WORK TASK >> In the records below, locate the line containing "(\<Sum>l\<in>UNIV. (map_matrix complex_of_real", then output that line and all later lines exactly, through the last one.

_____

(* Let $V$ be a real vector space of dimension $m\ge3$ with a non-degenerate symmetric inner product of arbitrary signature, and let $R$ be an algebraic curvature tensor on $V$. The following are equivalent: (1) $R$ is $1$ Osserman; (2) for every $x\in\mathcal{N}$, every $y\in V_{\mathbb{C}}$, and every $k\ge1$, $\operatorname{trace}\{\mathcal{J}_R(x+ty)^k\}=O(t^k)$ as $t\downarrow0$.
   Context: An algebraic curvature tensor is $R\in\otimes^4V^*$ with $R(x,y,z,w)=R(z,w,x,y)=-R(y,x,z,w)$ and $R(x,y,z,w)+R(y,z,x,w)+R(z,x,y,w)=0$. The Jacobi operator is defined by $(\mathcal{J}_R(x)y,w)=R(y,x,x,w)$. $R$ is $1$ Osserman if the eigenvalues of $\mathcal{J}_R(x)$ are constant on each of the pseudo-spheres $\{x\in V:(x,x)=1\}$ and $\{x\in V:(x,x)=-1\}$ (equivalently, for each $k$ there is a constant $c_k$ with $\operatorname{trace}\{\mathcal{J}_R(x)^k\}=c_k(x,x)^k$ for all $x\in V$). Everything is extended complex-multilinearly to $V_{\mathbb{C}}=V\otimes\mathbb{C}$; $\mathcal{N}=\{v\in V_{\mathbb{C}}:(v,v)=0\}$. *)

theory Defs
  imports "HOL-Analysis.Analysis" "HOL-Library.Landau_Symbols"
begin

text \<open>The inner product is given by its Gram matrix G with respect to the standard basis;
  the curvature tensor R by its components R i j k l = R(e_i,e_j,e_k,e_l).\<close>

definition rform :: "real^'n::finite^'n \<Rightarrow> real^'n \<Rightarrow> real^'n \<Rightarrow> real" where
  "rform G x y = (\<Sum>i\<in>UNIV. \<Sum>j\<in>UNIV. G$i$j * x$i * y$j)"

definition cform :: "real^'n::finite^'n \<Rightarrow> complex^'n \<Rightarrow> complex^'n \<Rightarrow> complex" where
  "cform G x y = (\<Sum>i\<in>UNIV. \<Sum>j\<in>UNIV. complex_of_real (G$i$j) * x$i * y$j)"

definition inner_product_space :: "real^'n::finite^'n \<Rightarrow> bool" where
  "inner_product_space G \<longleftrightarrow>
     (\<forall>x y. rform G x y = rform G y x) \<and>
     (\<forall>x. (\<forall>y. rform G x y = 0) \<longrightarrow> x = 0)"

definition rtens :: "('n::finite \<Rightarrow> 'n \<Rightarrow> 'n \<Rightarrow> 'n \<Rightarrow> real) \<Rightarrow> real^'n \<Rightarrow> real^'n \<Rightarrow> real^'n \<Rightarrow> real^'n \<Rightarrow> real" where
  "rtens R x y z w = (\<Sum>i\<in>UNIV. \<Sum>j\<in>UNIV. \<Sum>k\<in>UNIV. \<Sum>l\<in>UNIV.
       R i j k l * x$i * y$j * z$k * w$l)"

definition ctens :: "('n::finite \<Rightarrow> 'n \<Rightarrow> 'n \<Rightarrow> 'n \<Rightarrow> real) \<Rightarrow> complex^'n \<Rightarrow> complex^'n \<Rightarrow> complex^'n \<Rightarrow> complex^'n \<Rightarrow> complex" where
  "ctens R x y z w = (\<Sum>i\<in>UNIV. \<Sum>j\<in>UNIV. \<Sum>k\<in>UNIV. \<Sum>l\<in>UNIV.
       complex_of_real (R i j k l) * x$i * y$j * z$k * w$l)"

definition alg_curv_tensor :: "('n::finite \<Rightarrow> 'n \<Rightarrow> 'n \<Rightarrow> 'n \<Rightarrow> real) \<Rightarrow> bool" where
  "alg_curv_tensor R \<longleftrightarrow>
     (\<forall>x y z w. rtens R x y z w = rtens R z w x y \<and>
                rtens R x y z w = - rtens R y x z w \<and>
                rtens R x y z w + rtens R y z x w + rtens R z x y w = 0)"

definition rjacobi :: "real^'n^'n \<Rightarrow> ('n::finite \<Rightarrow> 'n \<Rightarrow> 'n \<Rightarrow> 'n \<Rightarrow> real) \<Rightarrow> real^'n \<Rightarrow> real^'n^'n" where
  "rjacobi G R x = (THE J. \<forall>y w. rform G (J *v y) w = rtens R y x x w)"

definition cjacobi :: "real^'n^'n \<Rightarrow> ('n::finite \<Rightarrow> 'n \<Rightarrow> 'n \<Rightarrow> 'n \<Rightarrow> real) \<Rightarrow> complex^'n \<Rightarrow> complex^'n^'n" where
  "cjacobi G R x = (THE J. \<forall>y w. cform G (J *v y) w = ctens R y x x w)"

fun mpow :: "'a::semiring_1^'n^'n \<Rightarrow> nat \<Rightarrow> 'a^'n^'n" where
  "mpow A 0 = mat 1"
| "mpow A (Suc k) = A ** mpow A k"

definition osserman1 :: "real^'n^'n \<Rightarrow> ('n::finite \<Rightarrow> 'n \<Rightarrow> 'n \<Rightarrow> 'n \<Rightarrow> real) \<Rightarrow> bool" where
  "osserman1 G R \<longleftrightarrow>
     (\<forall>k::nat. \<exists>c::real. \<forall>x. trace (mpow (rjacobi G R x) k) = c * (rform G x x) ^ k)"

end

theory Submission
  imports Defs "HOL-Computational_Algebra.Polynomial"
begin

text \<open>For each k, f(z) = trace J(z)^k is a homogeneous polynomial of degree 2k on the
  complexification. If R is Osserman, then f = c Q^k on V and hence on V_C, and on a line
  x + t y through a null vector Q(x + t y) = t (2 (x,y) + t (y,y)), so f(x + t y) = O(t^k).
  Conversely, let n be null and (w,w), (n,w) nonzero. Then Q has a second zero t0 on the line
  n + t w, the hypothesis makes the degree 2k polynomial t \<mapsto> f(n + t w) vanish to order k at 0
  and at t0, so it is a multiple of (t (t - t0))^k, i.e. of Q(n + t w)^k, and homogeneity
  identifies the factor as f(w)/Q(w)^k. Every non-null v spanning a non-degenerate plane with w
  lies on such a line, and two real non-null vectors can be joined through one generic complex w,
  so f/Q^k is constant on non-null vectors; on null vectors f vanishes, as a constant that is
  O(t^k) must be 0.\<close>

section \<open>Matrices\<close>

lemma map_matrix_mult:
  fixes h :: "'a::semiring_1 \<Rightarrow> 'b::semiring_1" and A :: "'a^'k^'m" and B :: "'a^'n^'k"
  assumes add: "\<And>x y. h (x + y) = h x + h y" and mult: "\<And>x y. h (x * y) = h x * h y"
    and zero: "h 0 = 0"
  shows "map_matrix h (A ** B) = map_matrix h A ** map_matrix h B"
  by (simp add: vec_eq_iff matrix_matrix_mult_def mult sum_comp_morphism[OF zero add, symmetric] o_def)

lemma map_matrix_mat1: "h 0 = 0 \<Longrightarrow> h 1 = 1 \<Longrightarrow> map_matrix h (mat 1) = mat 1"
  by (simp add: vec_eq_iff mat_def)

lemma map_matrix_mpow:
  fixes h :: "'a::semiring_1 \<Rightarrow> 'b::semiring_1"
  assumes add: "\<And>x y. h (x + y) = h x + h y" and mult: "\<And>x y. h (x * y) = h x * h y"
    and zero: "h 0 = 0" and one: "h 1 = 1"
  shows "map_matrix h (mpow A k) = mpow (map_matrix h A) k"
  by (induction k) (simp_all add: map_matrix_mat1[OF zero one] map_matrix_mult[OF add mult zero])

lemma trace_map_matrix:
  fixes h :: "'a::semiring_1 \<Rightarrow> 'b::semiring_1"
  assumes "\<And>x y. h (x + y) = h x + h y" and "h 0 = 0"
  shows "h (trace A) = trace (map_matrix h A)"
  unfolding trace_def by (simp add: sum_comp_morphism[OF assms(2,1), symmetric] o_def)

lemma map_matrix_scale_mult_left:
  "map_matrix ((*) c) (A ** B) = map_matrix ((*) c) A ** (B :: 'a::comm_semiring_1^'n^'k)"
  by (simp add: matrix_matrix_mult_def vec_eq_iff sum_distrib_left mult.assoc)

lemma map_matrix_scale_mult_right:
  "map_matrix ((*) c) (A ** B) = (A :: 'a::comm_semiring_1^'k^'m) ** map_matrix ((*) c) B"
  by (simp add: matrix_matrix_mult_def vec_eq_iff sum_distrib_left mult.left_commute)

lemma mpow_map_matrix_scale:
  "mpow (map_matrix ((*) c) A) k = map_matrix ((*) (c ^ k)) (mpow (A :: 'a::comm_semiring_1^'n^'n) k)"
proof (induction k)
  case 0
  show ?case by (simp add: vec_eq_iff mat_def)
next
  case (Suc k)
  have "mpow (map_matrix ((*) c) A) (Suc k) = map_matrix ((*) c) (A ** map_matrix ((*) (c ^ k)) (mpow A k))"
    by (simp add: Suc map_matrix_scale_mult_left)
  also have "\<dots> = map_matrix ((*) c) (map_matrix ((*) (c ^ k)) (A ** mpow A k))"
    by (simp add: map_matrix_scale_mult_right)
  finally show ?case by (simp add: vec_eq_iff mult.assoc)
qed

lemma trace_map_matrix_scale: "trace (map_matrix ((*) c) A) = c * trace (A :: 'a::comm_semiring_1^'n^'n)"
  by (simp add: trace_def sum_distrib_left)

lemma degree_matrix_mult_le:
  fixes A :: "'a::comm_semiring_1 poly^'k^'m" and B :: "'a poly^'n^'k"
  assumes "\<And>i j. degree (A$i$j) \<le> a" and "\<And>i j. degree (B$i$j) \<le> b"
  shows "degree ((A ** B)$i$j) \<le> a + b"
  unfolding matrix_matrix_mult_def vec_lambda_beta
  by (intro degree_sum_le order.trans[OF degree_mult_le] add_mono assms) simp_all

lemma degree_mpow_le:
  fixes A :: "'a::comm_semiring_1 poly^'n^'n"
  assumes "\<And>i j. degree (A$i$j) \<le> a"
  shows "degree (mpow A k $ i $ j) \<le> a * k"
proof (induction k arbitrary: i j)
  case 0
  show ?case by (simp add: mat_def)
next
  case (Suc k)
  show ?case using degree_matrix_mult_le[OF assms Suc] by simp
qed

section \<open>Jacobi operators as matrices\<close>

text \<open>The matrix of the form (y, w) \<mapsto> R(y, x, x, w); the map c carries the real components of R
  into the scalars (identity, complex_of_real, or constant complex polynomials).\<close>
definition jacobi_form ::
  "(real \<Rightarrow> 'a::comm_semiring_1) \<Rightarrow> ('n::finite \<Rightarrow> 'n \<Rightarrow> 'n \<Rightarrow> 'n \<Rightarrow> real) \<Rightarrow> 'a^'n \<Rightarrow> 'a^'n^'n"
  where "jacobi_form c R x = (\<chi> l i. \<Sum>j\<in>UNIV. \<Sum>k\<in>UNIV. c (R i j k l) * x$j * x$k)"

lemma sum_rotate4:
  "(\<Sum>i\<in>A. \<Sum>j\<in>B. \<Sum>k\<in>C. \<Sum>l\<in>D. f i j k l)
    = (\<Sum>l\<in>D. \<Sum>i\<in>A. \<Sum>j\<in>B. \<Sum>k\<in>C. f i j k l)"
proof -
  have "(\<Sum>i\<in>A. \<Sum>j\<in>B. \<Sum>k\<in>C. \<Sum>l\<in>D. f i j k l)
      = (\<Sum>i\<in>A. \<Sum>j\<in>B. \<Sum>l\<in>D. \<Sum>k\<in>C. f i j k l)"
    by (intro sum.cong refl, rule sum.swap)
  also have "\<dots> = (\<Sum>i\<in>A. \<Sum>l\<in>D. \<Sum>j\<in>B. \<Sum>k\<in>C. f i j k l)"
    by (intro sum.cong refl, rule sum.swap)
  also have "\<dots> = (\<Sum>l\<in>D. \<Sum>i\<in>A. \<Sum>j\<in>B. \<Sum>k\<in>C. f i j k l)"
    by (rule sum.swap)
  finally show ?thesis .
qed

lemma rtens_eq_jacobi_form: "rtens R y x x w = (\<Sum>l\<in>UNIV. (jacobi_form id R x *v y)$l * w$l)"
  unfolding rtens_def jacobi_form_def matrix_vector_mult_def
  by (subst sum_rotate4) (simp add: sum_distrib_left sum_distrib_right mult_ac)

lemma ctens_eq_jacobi_form:
  "ctens R y x x w = (\<Sum>l\<in>UNIV. (jacobi_form complex_of_real R x *v y)$l * w$l)"
  unfolding ctens_def jacobi_form_def matrix_vector_mult_def
  by (subst sum_rotate4) (simp add: sum_distrib_left sum_distrib_right mult_ac)

lemma rform_eq_transpose: "rform G u w = (\<Sum>l\<in>UNIV. (transpose G *v u)$l * w$l)"
  unfolding rform_def transpose_def matrix_vector_mult_def
  by (subst sum.swap) (simp add: sum_distrib_left sum_distrib_right mult_ac)

lemma cform_eq_transpose:
  "cform G u w = (\<Sum>l\<in>UNIV. (map_matrix complex_of_real (transpose G) *v u)$l * w$l)"
  unfolding cform_def transpose_def matrix_vector_mult_def map_matrix_def
  by (subst sum.swap) (simp add: sum_distrib_left sum_distrib_right mult_ac)

lemma sum_mult_axis: "(\<Sum>l\<in>UNIV. (v::'a::semiring_1^'n)$l * axis j 1 $ l) = v$j"
  by (simp add: axis_def if_distrib sum.delta' cong: if_cong)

_____

TASK SOLUTION >>
  "cform G u w = (\<Sum>l\<in>UNIV. (map_matrix complex_of_real (transpose G) *v u)$l * w$l)"
  unfolding cform_def transpose_def matrix_vector_mult_def map_matrix_def
  by (subst sum.swap) (simp add: sum_distrib_left sum_distrib_right mult_ac)

lemma sum_mult_axis: "(\<Sum>l\<in>UNIV. (v::'a::semiring_1^'n)$l * axis j 1 $ l) = v$j"
  by (simp add: axis_def if_distrib sum.delta' cong: if_cong)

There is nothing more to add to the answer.